Are these steps sufficient? Or do I need to perform any other checks, that
could help?
Thanks,
Kiran


Step 1
-------
Use FeedValidator, to check the validity of a feed. FeedValidator is
available here: http://feedvalidator.org
* Valid ATOM feeds are processed by Abdera. 
* RSS processing is still being introduced into Abdera, therefore some valid
RSS feeds may still not be processed by Abdera

Step 2
-------
In addition, also use curl to check if the feeds are being served correctly.
curl can be obtained from: http://curl.haxx.se/download.html
Try this: curl -X GET http://news.google.com/?output=atom. In this
particular example, Google will return a 403. Therefore the program needs to
first establish a valid connection with Google, and then proceed with
getting the feed content.

Step 3
-------
Have also created a sample Java program to determine if a feed can be
processed.

import java.io.InputStream;
import java.net.URL;

import org.apache.abdera.Abdera;
import org.apache.abdera.model.Document;
import org.apache.abdera.model.Feed;
import org.apache.abdera.parser.Parser;

public class TestFeed {

	public static void main(String[] args) throws Exception {

		Parser parser = Abdera.getNewParser();
		InputStream input;
		try {
			input = new URL(args[0]).openStream();
			Document doc = (Document) parser.parse(input);
			Feed feed = (Feed) doc.getRoot();
			System.out.println("Feed can be parsed");
			System.out.println("Begin feed content -----");
			feed.writeTo(System.out);
			System.out.println("-------End feed content");
		} catch (Exception e) {
			e.printStackTrace();
		}
	}

}

-- 
View this message in context: http://www.nabble.com/Error-parsing-certain-feeds---troubleshooting-steps--tf4675516.html#a13358334
Sent from the abdera-user mailing list archive at Nabble.com.


Re: Error parsing certain feeds - troubleshooting steps?
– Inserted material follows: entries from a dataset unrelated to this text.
(* Let $\alpha\in(\pi/8,3\pi/8)$ with $\alpha/\pi\notin\mathbb{Q}$, $\beta=\alpha-\pi/2$, $\rho=0.01$, $A_1=\rho R(\alpha)$, $A_2=\rho R(\beta)$ where $R(\theta)=\begin{bmatrix}\cos\theta&-\sin\theta\\ \sin\theta&\cos\theta\end{bmatrix}$, and $c(x)=x_1^2+2x_2^2$ on $\mathbb{R}^2$. Let $J^\star$ be the optimal value function, $\tilde J^\star(\theta)=J^\star([\cos\theta,\sin\theta]^\top)$, $\Delta\tilde J^\star(\theta)=\tilde J^\star(\theta+\alpha)-\tilde J^\star(\theta+\beta)$, $\mu=\pi/4-\alpha$, $\delta=0.01$, and let $\nu\in(\mu-\delta,\mu+\delta)$ satisfy $\Delta\tilde J^\star(\nu)=0$. Let $I=[\nu+\beta,\nu+\alpha)$ and $T:I\to I$ be defined by $T(\theta)=\theta+\alpha$ if $\theta<\nu$ and $T(\theta)=\theta+\beta$ if $\theta\geq\nu$. Then for every $k\in\mathbb{N}$, $\tilde J^\star$ is not differentiable at $T^{-k}\nu$.
   Context: $T$ is a bijection of $I$ (an interval exchange map), so $T^{-k}$ is well defined. For the switched linear system $\xi(t+1)=A_{\sigma(t)}\xi(t)$ with $\sigma:\mathbb{N}\to\{1,2\}$, $J^\star(x)=\inf_\sigma\sum_{t=0}^\infty c(\xi(t,x,\sigma))$ where $\xi(t,x,\sigma)$ is the solution with $\xi(0)=x$. *)

theory Defs
  imports "HOL-Analysis.Analysis"
begin

definition rot :: "real \<Rightarrow> real^2^2" where
  "rot \<theta> = vector [vector [cos \<theta>, - sin \<theta>], vector [sin \<theta>, cos \<theta>]]"

definition sysA :: "real \<Rightarrow> real \<Rightarrow> nat \<Rightarrow> real^2^2" where
  "sysA \<rho> \<alpha> i = (if i = 1 then \<rho> *\<^sub>R rot \<alpha> else \<rho> *\<^sub>R rot (\<alpha> - pi/2))"

definition cost :: "real^2 \<Rightarrow> real" where
  "cost x = (x$1)^2 + 2 * (x$2)^2"

primrec traj :: "(nat \<Rightarrow> real^2^2) \<Rightarrow> (nat \<Rightarrow> nat) \<Rightarrow> real^2 \<Rightarrow> nat \<Rightarrow> real^2" where
  "traj A \<sigma> x 0 = x"
| "traj A \<sigma> x (Suc t) = A (\<sigma> t) *v traj A \<sigma> x t"

definition switching_signals :: "(nat \<Rightarrow> nat) set" where
  "switching_signals = {\<sigma>. \<forall>t. \<sigma> t \<in> {1,2}}"

definition Jstar :: "real \<Rightarrow> real \<Rightarrow> real^2 \<Rightarrow> real" where
  "Jstar \<rho> \<alpha> x = (INF \<sigma>\<in>switching_signals. (\<Sum>t. cost (traj (sysA \<rho> \<alpha>) \<sigma> x t)))"

definition Jtilde :: "real \<Rightarrow> real \<Rightarrow> real \<Rightarrow> real" where
  "Jtilde \<rho> \<alpha> \<theta> = Jstar \<rho> \<alpha> (vector [cos \<theta>, sin \<theta>])"

definition DeltaJtilde :: "real \<Rightarrow> real \<Rightarrow> real \<Rightarrow> real" where
  "DeltaJtilde \<rho> \<alpha> \<theta> = Jtilde \<rho> \<alpha> (\<theta> + \<alpha>) - Jtilde \<rho> \<alpha> (\<theta> + (\<alpha> - pi/2))"

definition Tmap :: "real \<Rightarrow> real \<Rightarrow> real \<Rightarrow> real" where
  "Tmap \<alpha> \<nu> \<theta> = (if \<theta> < \<nu> then \<theta> + \<alpha> else \<theta> + (\<alpha> - pi/2))"

definition Iint :: "real \<Rightarrow> real \<Rightarrow> real set" where
  "Iint \<alpha> \<nu> = {\<nu> + (\<alpha> - pi/2) ..< \<nu> + \<alpha>}"

definition Tinv_iter :: "real \<Rightarrow> real \<Rightarrow> nat \<Rightarrow> real" where
  "Tinv_iter \<alpha> \<nu> k = (inv_into (Iint \<alpha> \<nu>) (Tmap \<alpha> \<nu>) ^^ k) \<nu>"

end

theory Submission
  imports Defs
begin

(* On the unit circle the cost of a trajectory depends only on its angle, so J~* is the infimum over
   switching signals of sum_t rho^(2t) (1 + sin^2 (theta + accumulated rotation)).  Such an infimum
   satisfies the Bellman equation J~*(theta) = 1 + sin^2 theta + rho^2 min (J~*(theta + alpha), J~*(theta + beta)),
   is Lipschitz and semiconcave.  Near nu, the gap J~*(theta + alpha) - J~*(theta + beta) is dominated by the
   sin^2 terms and changes sign at nu with nonzero slope, so the minimum in the Bellman equation has a
   concave kink at nu, which semiconcavity of J~* cannot compensate: J~* is not differentiable at nu.
   Away from nu the minimum is attained by one branch only, so the Bellman equation transports
   differentiability of J~* from theta to T theta; running this backwards along the orbit of nu, which
   by irrationality of alpha/pi never returns to nu, proves the claim. *)

lemma INF_lipschitz:
  fixes f :: "'i \<Rightarrow> real \<Rightarrow> real"
  assumes "S \<noteq> {}" "\<And>x. bdd_below ((\<lambda>i. f i x) ` S)"
    and "\<And>i x y. i \<in> S \<Longrightarrow> f i x - f i y \<le> L * \<bar>x - y\<bar>"
  shows "\<bar>(INF i\<in>S. f i x) - (INF i\<in>S. f i y)\<bar> \<le> L * \<bar>x - y\<bar>"
proof -
  have "(INF i\<in>S. f i x) - (INF i\<in>S. f i y) \<le> L * \<bar>x - y\<bar>" for x y
  proof -
    have "(INF i\<in>S. f i x) - L * \<bar>x - y\<bar> \<le> f i y" if "i \<in> S" for i
      using cINF_lower[OF assms(2) that, of x] assms(3)[OF that, of x y] by linarith
    then have "(INF i\<in>S. f i x) - L * \<bar>x - y\<bar> \<le> (INF i\<in>S. f i y)"
      using assms(1) by (intro cINF_greatest) auto
    then show ?thesis by linarith
  qed
  from this[of x y] this[of y x] show ?thesis
    by (simp add: abs_minus_commute)
qed

lemma INF_second_difference_le:
  fixes f :: "'i \<Rightarrow> real \<Rightarrow> real"
  assumes "S \<noteq> {}" "\<And>x. bdd_below ((\<lambda>i. f i x) ` S)"
    and "\<And>i. i \<in> S \<Longrightarrow> f i (x + h) + f i (x - h) - 2 * f i x \<le> C"
  shows "(INF i\<in>S. f i (x + h)) + (INF i\<in>S. f i (x - h)) - 2 * (INF i\<in>S. f i x) \<le> C"
proof -
  have "((INF i\<in>S. f i (x + h)) + (INF i\<in>S. f i (x - h)) - C) / 2 \<le> f i x" if "i \<in> S" for i
    using cINF_lower[OF assms(2) that, of "x + h"] cINF_lower[OF assms(2) that, of "x - h"]
      assms(3)[OF that] by (simp add: field_simps)
  then have "((INF i\<in>S. f i (x + h)) + (INF i\<in>S. f i (x - h)) - C) / 2 \<le> (INF i\<in>S. f i x)"
    using assms(1) by (intro cINF_greatest) auto
  then show ?thesis by (simp add: field_simps)
qed

lemma sums_geometric_weighted_le:
  fixes r :: real
  assumes "0 \<le> r" "r < 1" "(\<lambda>t. r ^ t * a t) sums s" "\<And>t. a t \<le> B"
  shows "s \<le> B / (1 - r)"
proof (rule sums_le)
  show "(\<lambda>t. B * r ^ t) sums (B / (1 - r))"
    using sums_mult[OF geometric_sums, of r B] assms(1,2) by simp
  show "r ^ t * a t \<le> B * r ^ t" for t
    using assms(1,4) by (simp add: mult.commute mult_right_mono)
qed (use assms(3) in simp_all)

lemma differentiable_at_cong_nhds:
  fixes f g :: "real \<Rightarrow> real"
  assumes "eventually (\<lambda>y. f y = g y) (nhds x)"
  shows "f differentiable (at x) \<longleftrightarrow> g differentiable (at x)"
  using DERIV_cong_ev[OF refl assms refl] unfolding real_differentiable_def by blast

lemma differentiable_at_shift_iff:
  fixes f :: "real \<Rightarrow> real"
  shows "f differentiable (at (x + a)) \<longleftrightarrow> (\<lambda>y. f (y + a)) differentiable (at x)"
  unfolding real_differentiable_def DERIV_shift ..

lemma differentiable_at_add_scaled_iff:
  fixes f g :: "real \<Rightarrow> real"
  assumes "c \<noteq> 0" "g differentiable (at x)"
  shows "(\<lambda>y. g y + c * f y) differentiable (at x) \<longleftrightarrow> f differentiable (at x)"
proof
  assume "(\<lambda>y. g y + c * f y) differentiable (at x)"
  then have "(\<lambda>y. ((g y + c * f y) - g y) / c) differentiable (at x)"
    using assms by (intro differentiable_divide differentiable_diff differentiable_const)
  then show "f differentiable (at x)"
    using assms(1) by simp
qed (use assms(2) in \<open>intro differentiable_add differentiable_mult differentiable_const\<close>)

lemma not_differentiable_at_if_second_difference_le:
  fixes f :: "real \<Rightarrow> real"
  assumes "0 < c"
    and "eventually (\<lambda>h. f (x + h) + f (x - h) - 2 * f x \<le> C * h\<^sup>2 - c * h) (at_right 0)"
  shows "\<not> f differentiable (at x)"
proof
  assume "f differentiable (at x)"
  then obtain D where "DERIV f (0 + x) :> D"
    unfolding real_differentiable_def by auto
  then have right: "DERIV (\<lambda>h. f (h + x)) 0 :> D" and "DERIV (\<lambda>h. f (h + x)) (- 0) :> D"
    by (simp_all only: DERIV_shift minus_zero)
  then have left: "DERIV (\<lambda>h. f (- h + x)) 0 :> - D"
    by (simp only: DERIV_mirror)
  have "DERIV (\<lambda>h. f (h + x) + f (- h + x)) 0 :> D + - D"
    by (rule DERIV_add[OF right left])
  then have "((\<lambda>h. (f (x + h) + f (x - h) - 2 * f x) / h) \<longlongrightarrow> 0) (at 0)"
    unfolding DERIV_def by (simp add: algebra_simps)
  then have quotient: "((\<lambda>h. (f (x + h) + f (x - h) - 2 * f x) / h) \<longlongrightarrow> 0) (at_right 0)"
    by (rule tendsto_within_subset) simp
  have bound: "((\<lambda>h. C * h - c) \<longlongrightarrow> C * 0 - c) (at_right 0)"
    by (intro tendsto_intros)
  have "eventually (\<lambda>h. (f (x + h) + f (x - h) - 2 * f x) / h \<le> C * h - c) (at_right 0)"
    using assms(2) eventually_at_right_less[of 0]
  proof eventually_elim
    case (elim h)
    then have "(f (x + h) + f (x - h) - 2 * f x) / h \<le> (C * h\<^sup>2 - c * h) / h"
      by (intro divide_right_mono) auto
    also have "\<dots> = C * h - c"
      using elim by (simp add: power2_eq_square field_simps)
    finally show ?case .
  qed
  then have "0 \<le> C * 0 - c"
    using tendsto_le[OF trivial_limit_at_right_real bound quotient] by blast
  with assms(1) show False by simp
qed

lemma cos_ge_one_fifth:
  fixes y :: real
  assumes "\<bar>y\<bar> \<le> 5/4"
  shows "1/5 \<le> cos y"
proof -
  have "cos y = 1 - 2 * sin (y/2) ^ 2"
    using cos_double_sin[of "y/2"] by simp
  moreover have "sin (y/2) ^ 2 \<le> (y/2)\<^sup>2"
    using abs_sin_x_le_abs_x[of "y/2"] abs_le_square_iff by blast
  moreover have "y\<^sup>2 \<le> (5/4)\<^sup>2"
    using assms abs_le_square_iff[of y "5/4"] by simp
  ultimately show ?thesis
    by (simp add: power_divide)
qed

lemma x_mult_sin_ge:
  fixes x :: real
  assumes "\<bar>x\<bar> \<le> 5/4"
  shows "7/10 * x\<^sup>2 \<le> x * sin x"
proof -
  have "\<bar>sin x - (\<Sum>m<3. sin_coeff m * x ^ m)\<bar> \<le> inverse (fact 3) * \<bar>x\<bar> ^ 3"
    by (rule Maclaurin_sin_bound)
  moreover have "(\<Sum>m<3. sin_coeff m * x ^ m) = x"
    by (simp add: numeral_3_eq_3 sin_coeff_def)
  moreover have "fact 3 = (6::real)"
    by (simp add: numeral_3_eq_3)
  ultimately have taylor: "\<bar>sin x - x\<bar> \<le> \<bar>x\<bar> ^ 3 / 6"
    by (simp add: inverse_eq_divide)
  have "\<bar>x * sin x - x\<^sup>2\<bar> = \<bar>x\<bar> * \<bar>sin x - x\<bar>"
    by (simp add: power2_eq_square right_diff_distrib flip: abs_mult)
  also have "\<dots> \<le> \<bar>x\<bar> * (\<bar>x\<bar> ^ 3 / 6)"
    using taylor by (intro mult_left_mono) auto
  also have "\<dots> = x\<^sup>2 * x\<^sup>2 / 6"
    by (simp add: power2_eq_square power3_eq_cube abs_mult_self_eq flip: abs_mult)
  also have "\<dots> \<le> (5/4)\<^sup>2 * x\<^sup>2 / 6"
    using assms abs_le_square_iff[of x "5/4"] by (intro divide_right_mono mult_right_mono) auto
  finally have "\<bar>x * sin x - x\<^sup>2\<bar> \<le> 25/96 * x\<^sup>2"
    by (simp add: power2_eq_square)
  then show ?thesis
    using zero_le_power2[of x] abs_ge_minus_self[of "x * sin x - x\<^sup>2"] by linarith
qed

lemma sin_squared_diff: "sin (x::real) ^ 2 - sin y ^ 2 = sin (x + y) * sin (x - y)"
proof -
  have "sin (x + y) * sin (x - y) = sin x ^ 2 * cos y ^ 2 - cos x ^ 2 * sin y ^ 2"
    by (simp add: sin_add sin_diff power2_eq_square algebra_simps)
  also have "\<dots> = sin x ^ 2 - sin y ^ 2"
    by (simp add: cos_squared_eq algebra_simps)
  finally show ?thesis ..
qed

lemma sin_squared_diff_le: "sin (x::real) ^ 2 - sin y ^ 2 \<le> \<bar>x - y\<bar>"
proof -
  have "sin x ^ 2 - sin y ^ 2 \<le> \<bar>sin (x + y)\<bar> * \<bar>sin (x - y)\<bar>"
    unfolding sin_squared_diff abs_mult[symmetric] by (rule abs_ge_self)
  also have "\<dots> \<le> 1 * \<bar>x - y\<bar>"
    by (intro mult_mono abs_sin_le_one abs_sin_x_le_abs_x) auto
  finally show ?thesis
    by simp
qed

lemma sin_squared_second_difference_le:
  "sin ((a::real) + h) ^ 2 + sin (a - h) ^ 2 - 2 * sin a ^ 2 \<le> 2 * h\<^sup>2"
proof -
  have "sin (a + h) ^ 2 + sin (a - h) ^ 2 = 2 * sin a ^ 2 * cos h ^ 2 + 2 * cos a ^ 2 * sin h ^ 2"
    by (simp add: sin_add sin_diff power2_eq_square algebra_simps)
  also have "\<dots> = 2 * sin a ^ 2 + 2 * (cos a ^ 2 - sin a ^ 2) * sin h ^ 2"
    by (simp add: cos_squared_eq algebra_simps)
  finally have "sin (a + h) ^ 2 + sin (a - h) ^ 2 - 2 * sin a ^ 2 = 2 * cos (2 * a) * sin h ^ 2"
    by (simp add: cos_double)
  also have "\<dots> \<le> 2 * 1 * sin h ^ 2"
    by (intro mult_right_mono mult_left_mono) auto
  also have "\<dots> \<le> 2 * h\<^sup>2"
    using abs_sin_x_le_abs_x[of h] by (simp add: abs_le_square_iff)
  finally show ?thesis .
qed

lemma sin_squared_minus_quarter_turn: "sin (z::real) ^ 2 - sin (z - pi/2) ^ 2 = - cos (2 * z)"
proof -
  have "sin (z - pi/2) = - cos z"
    by (simp add: sin_diff)
  then show ?thesis
    by (simp add: cos_double)
qed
Posted by James M Snell <ja...@gmail.com>.
Hello Kiran,

These steps are good. Whenever I come across something that Abdera
cannot parse, my first step is to always run it through the
feedvalidator.  It almost invariably ends up being some error in the
formation of the feed.  If the feed passes the validator, I always
retrieve the feed manually using either curl or a browser to check over
the feed myself.

- James

Kiran Subbaraman wrote:
> I noticed that some of the feeds are not parsed by Abdera, and also noticed
> some discussion on the list related to Feed validation. Based on this, these
> are the steps I follow to help determine if issues related to parsing a feed
> is an Abdera one, or just the malformed feed.
> 
> These are the feeds that I tried:
> - http://www.feedsfarm.com/frontpage/health/atom - Does not parse
> - http://www.feedsfarm.com/frontpage/health/rss - Parses
> - http://feeds.feedburner.com/techtarget/tsscom/home - Does not parse
> - http://www.oreillynet.com/pub/feed/1?format=rss1 - Parses
> and a few more.
> 
> Are these steps sufficient? Or do I need to perform any other checks, that
> could help?
> Thanks,
> Kiran
> 
> 
> Step 1
> -------
> Use FeedValidator, to check the validity of a feed. FeedValidator is
> available here: http://feedvalidator.org
> * Valid ATOM feeds are processed by Abdera. 
> * RSS processing is still being introduced into Abdera, therefore some valid
> RSS feeds may still not be processed by Abdera
> 
> Step 2
> -------
> In addition, also use curl to check if the feeds are being served correctly.
> curl can be obtained from: http://curl.haxx.se/download.html
> Try this: curl -X GET http://news.google.com/?output=atom. In this
> particular example, Google will return a 403. Therefore the program needs to
> first establish a valid connection with Google, and then proceed with
> getting the feed content.
> 
> Step 3
> -------
> Have also created a sample Java program to determine if a feed can be
> processed.
> 
> import java.io.InputStream;
> import java.net.URL;
> 
> import org.apache.abdera.Abdera;
> import org.apache.abdera.model.Document;
> import org.apache.abdera.model.Feed;
> import org.apache.abdera.parser.Parser;
> 
> public class TestFeed {
> 
> 	public static void main(String[] args) throws Exception {
> 
> 		Parser parser = Abdera.getNewParser();
> 		InputStream input;
> 		try {
> 			input = new URL(args[0]).openStream();
> 			Document doc = (Document) parser.parse(input);
> 			Feed feed = (Feed) doc.getRoot();
> 			System.out.println("Feed can be parsed");
> 			System.out.println("Begin feed content -----");
> 			feed.writeTo(System.out);
> 			System.out.println("-------End feed content");
> 		} catch (Exception e) {
> 			e.printStackTrace();
> 		}
> 	}
> 
> }
>